[ASSIGNMENT] The full set of entries, reproduced exactly, is the expected answer.

──────── DATA TO PROCESS ────────

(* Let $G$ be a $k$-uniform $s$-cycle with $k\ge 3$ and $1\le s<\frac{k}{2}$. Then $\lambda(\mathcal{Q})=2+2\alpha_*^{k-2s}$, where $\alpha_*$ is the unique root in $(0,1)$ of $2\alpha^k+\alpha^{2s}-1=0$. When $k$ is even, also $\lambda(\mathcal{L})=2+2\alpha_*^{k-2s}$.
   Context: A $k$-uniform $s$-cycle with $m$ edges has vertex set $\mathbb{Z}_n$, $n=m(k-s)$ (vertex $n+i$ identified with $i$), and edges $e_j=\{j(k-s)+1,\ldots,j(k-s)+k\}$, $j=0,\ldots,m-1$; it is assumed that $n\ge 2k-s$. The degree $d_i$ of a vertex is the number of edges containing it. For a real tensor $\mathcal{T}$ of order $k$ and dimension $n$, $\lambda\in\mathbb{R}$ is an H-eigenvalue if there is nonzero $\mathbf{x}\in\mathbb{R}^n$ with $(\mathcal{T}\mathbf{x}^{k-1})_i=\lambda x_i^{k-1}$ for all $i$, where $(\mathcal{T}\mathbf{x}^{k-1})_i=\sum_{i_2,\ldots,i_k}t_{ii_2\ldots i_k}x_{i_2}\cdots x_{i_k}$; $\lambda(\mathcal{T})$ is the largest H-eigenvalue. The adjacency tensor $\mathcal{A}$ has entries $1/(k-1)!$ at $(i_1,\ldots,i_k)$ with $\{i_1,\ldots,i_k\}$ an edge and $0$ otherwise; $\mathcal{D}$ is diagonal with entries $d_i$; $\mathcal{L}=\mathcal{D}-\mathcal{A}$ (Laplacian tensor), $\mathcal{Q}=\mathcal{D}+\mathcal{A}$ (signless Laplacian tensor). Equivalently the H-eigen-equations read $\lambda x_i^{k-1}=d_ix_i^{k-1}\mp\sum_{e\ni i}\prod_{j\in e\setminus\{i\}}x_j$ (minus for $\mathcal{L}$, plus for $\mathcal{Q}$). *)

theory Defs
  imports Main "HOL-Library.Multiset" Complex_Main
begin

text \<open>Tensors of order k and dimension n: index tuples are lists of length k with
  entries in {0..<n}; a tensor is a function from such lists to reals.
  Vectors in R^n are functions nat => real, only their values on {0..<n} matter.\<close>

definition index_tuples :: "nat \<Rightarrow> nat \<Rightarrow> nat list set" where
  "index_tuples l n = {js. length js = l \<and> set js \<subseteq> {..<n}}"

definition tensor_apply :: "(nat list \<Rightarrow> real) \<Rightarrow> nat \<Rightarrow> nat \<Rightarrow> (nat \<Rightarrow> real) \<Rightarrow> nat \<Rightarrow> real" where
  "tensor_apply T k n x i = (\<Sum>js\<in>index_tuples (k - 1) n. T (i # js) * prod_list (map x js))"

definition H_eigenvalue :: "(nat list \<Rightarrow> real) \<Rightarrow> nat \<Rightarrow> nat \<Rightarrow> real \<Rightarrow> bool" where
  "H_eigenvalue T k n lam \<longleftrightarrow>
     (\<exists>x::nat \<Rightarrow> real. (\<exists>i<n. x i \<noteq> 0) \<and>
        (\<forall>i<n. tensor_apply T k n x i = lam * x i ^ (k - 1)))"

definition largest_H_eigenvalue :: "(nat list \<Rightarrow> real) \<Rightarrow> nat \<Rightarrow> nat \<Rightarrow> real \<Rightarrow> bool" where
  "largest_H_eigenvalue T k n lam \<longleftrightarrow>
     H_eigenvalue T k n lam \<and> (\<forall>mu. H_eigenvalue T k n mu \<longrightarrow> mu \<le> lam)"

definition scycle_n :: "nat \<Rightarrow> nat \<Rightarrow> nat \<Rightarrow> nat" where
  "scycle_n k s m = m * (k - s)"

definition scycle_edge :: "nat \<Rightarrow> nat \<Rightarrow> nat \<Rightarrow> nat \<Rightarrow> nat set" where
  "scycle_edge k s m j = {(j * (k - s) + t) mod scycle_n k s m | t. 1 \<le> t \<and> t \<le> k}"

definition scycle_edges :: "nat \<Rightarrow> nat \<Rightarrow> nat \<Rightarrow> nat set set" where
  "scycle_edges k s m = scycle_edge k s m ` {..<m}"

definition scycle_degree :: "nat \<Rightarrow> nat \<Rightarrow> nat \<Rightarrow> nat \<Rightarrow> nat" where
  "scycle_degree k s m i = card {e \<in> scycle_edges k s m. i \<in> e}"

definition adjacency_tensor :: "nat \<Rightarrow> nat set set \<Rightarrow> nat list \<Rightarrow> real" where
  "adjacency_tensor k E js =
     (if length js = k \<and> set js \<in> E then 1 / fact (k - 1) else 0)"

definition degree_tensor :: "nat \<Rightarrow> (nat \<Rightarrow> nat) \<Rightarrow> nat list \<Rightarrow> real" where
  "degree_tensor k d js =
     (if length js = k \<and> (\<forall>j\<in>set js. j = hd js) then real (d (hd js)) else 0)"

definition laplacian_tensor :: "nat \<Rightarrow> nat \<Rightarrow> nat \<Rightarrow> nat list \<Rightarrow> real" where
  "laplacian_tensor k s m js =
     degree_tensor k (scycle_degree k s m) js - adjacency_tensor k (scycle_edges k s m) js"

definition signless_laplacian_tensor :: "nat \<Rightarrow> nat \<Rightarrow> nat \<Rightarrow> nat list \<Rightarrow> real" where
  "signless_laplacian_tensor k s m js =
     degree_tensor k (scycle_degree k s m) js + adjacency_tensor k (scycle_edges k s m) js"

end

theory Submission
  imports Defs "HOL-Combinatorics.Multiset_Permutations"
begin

────────

[TASK ANSWER]
(* Let $G$ be a $k$-uniform $s$-cycle with $k\ge 3$ and $1\le s<\frac{k}{2}$. Then $\lambda(\mathcal{Q})=2+2\alpha_*^{k-2s}$, where $\alpha_*$ is the unique root in $(0,1)$ of $2\alpha^k+\alpha^{2s}-1=0$. When $k$ is even, also $\lambda(\mathcal{L})=2+2\alpha_*^{k-2s}$.
   Context: A $k$-uniform $s$-cycle with $m$ edges has vertex set $\mathbb{Z}_n$, $n=m(k-s)$ (vertex $n+i$ identified with $i$), and edges $e_j=\{j(k-s)+1,\ldots,j(k-s)+k\}$, $j=0,\ldots,m-1$; it is assumed that $n\ge 2k-s$. The degree $d_i$ of a vertex is the number of edges containing it. For a real tensor $\mathcal{T}$ of order $k$ and dimension $n$, $\lambda\in\mathbb{R}$ is an H-eigenvalue if there is nonzero $\mathbf{x}\in\mathbb{R}^n$ with $(\mathcal{T}\mathbf{x}^{k-1})_i=\lambda x_i^{k-1}$ for all $i$, where $(\mathcal{T}\mathbf{x}^{k-1})_i=\sum_{i_2,\ldots,i_k}t_{ii_2\ldots i_k}x_{i_2}\cdots x_{i_k}$; $\lambda(\mathcal{T})$ is the largest H-eigenvalue. The adjacency tensor $\mathcal{A}$ has entries $1/(k-1)!$ at $(i_1,\ldots,i_k)$ with $\{i_1,\ldots,i_k\}$ an edge and $0$ otherwise; $\mathcal{D}$ is diagonal with entries $d_i$; $\mathcal{L}=\mathcal{D}-\mathcal{A}$ (Laplacian tensor), $\mathcal{Q}=\mathcal{D}+\mathcal{A}$ (signless Laplacian tensor). Equivalently the H-eigen-equations read $\lambda x_i^{k-1}=d_ix_i^{k-1}\mp\sum_{e\ni i}\prod_{j\in e\setminus\{i\}}x_j$ (minus for $\mathcal{L}$, plus for $\mathcal{Q}$). *)

theory Defs
  imports Main "HOL-Library.Multiset" Complex_Main
begin

text \<open>Tensors of order k and dimension n: index tuples are lists of length k with
  entries in {0..<n}; a tensor is a function from such lists to reals.
  Vectors in R^n are functions nat => real, only their values on {0..<n} matter.\<close>

definition index_tuples :: "nat \<Rightarrow> nat \<Rightarrow> nat list set" where
  "index_tuples l n = {js. length js = l \<and> set js \<subseteq> {..<n}}"

definition tensor_apply :: "(nat list \<Rightarrow> real) \<Rightarrow> nat \<Rightarrow> nat \<Rightarrow> (nat \<Rightarrow> real) \<Rightarrow> nat \<Rightarrow> real" where
  "tensor_apply T k n x i = (\<Sum>js\<in>index_tuples (k - 1) n. T (i # js) * prod_list (map x js))"

definition H_eigenvalue :: "(nat list \<Rightarrow> real) \<Rightarrow> nat \<Rightarrow> nat \<Rightarrow> real \<Rightarrow> bool" where
  "H_eigenvalue T k n lam \<longleftrightarrow>
     (\<exists>x::nat \<Rightarrow> real. (\<exists>i<n. x i \<noteq> 0) \<and>
        (\<forall>i<n. tensor_apply T k n x i = lam * x i ^ (k - 1)))"

definition largest_H_eigenvalue :: "(nat list \<Rightarrow> real) \<Rightarrow> nat \<Rightarrow> nat \<Rightarrow> real \<Rightarrow> bool" where
  "largest_H_eigenvalue T k n lam \<longleftrightarrow>
     H_eigenvalue T k n lam \<and> (\<forall>mu. H_eigenvalue T k n mu \<longrightarrow> mu \<le> lam)"

definition scycle_n :: "nat \<Rightarrow> nat \<Rightarrow> nat \<Rightarrow> nat" where
  "scycle_n k s m = m * (k - s)"

definition scycle_edge :: "nat \<Rightarrow> nat \<Rightarrow> nat \<Rightarrow> nat \<Rightarrow> nat set" where
  "scycle_edge k s m j = {(j * (k - s) + t) mod scycle_n k s m | t. 1 \<le> t \<and> t \<le> k}"

definition scycle_edges :: "nat \<Rightarrow> nat \<Rightarrow> nat \<Rightarrow> nat set set" where
  "scycle_edges k s m = scycle_edge k s m ` {..<m}"

definition scycle_degree :: "nat \<Rightarrow> nat \<Rightarrow> nat \<Rightarrow> nat \<Rightarrow> nat" where
  "scycle_degree k s m i = card {e \<in> scycle_edges k s m. i \<in> e}"

definition adjacency_tensor :: "nat \<Rightarrow> nat set set \<Rightarrow> nat list \<Rightarrow> real" where
  "adjacency_tensor k E js =
     (if length js = k \<and> set js \<in> E then 1 / fact (k - 1) else 0)"

definition degree_tensor :: "nat \<Rightarrow> (nat \<Rightarrow> nat) \<Rightarrow> nat list \<Rightarrow> real" where
  "degree_tensor k d js =
     (if length js = k \<and> (\<forall>j\<in>set js. j = hd js) then real (d (hd js)) else 0)"

definition laplacian_tensor :: "nat \<Rightarrow> nat \<Rightarrow> nat \<Rightarrow> nat list \<Rightarrow> real" where
  "laplacian_tensor k s m js =
     degree_tensor k (scycle_degree k s m) js - adjacency_tensor k (scycle_edges k s m) js"

definition signless_laplacian_tensor :: "nat \<Rightarrow> nat \<Rightarrow> nat \<Rightarrow> nat list \<Rightarrow> real" where
  "signless_laplacian_tensor k s m js =
     degree_tensor k (scycle_degree k s m) js + adjacency_tensor k (scycle_edges k s m) js"

end

theory Submission
  imports Defs "HOL-Combinatorics.Multiset_Permutations"
begin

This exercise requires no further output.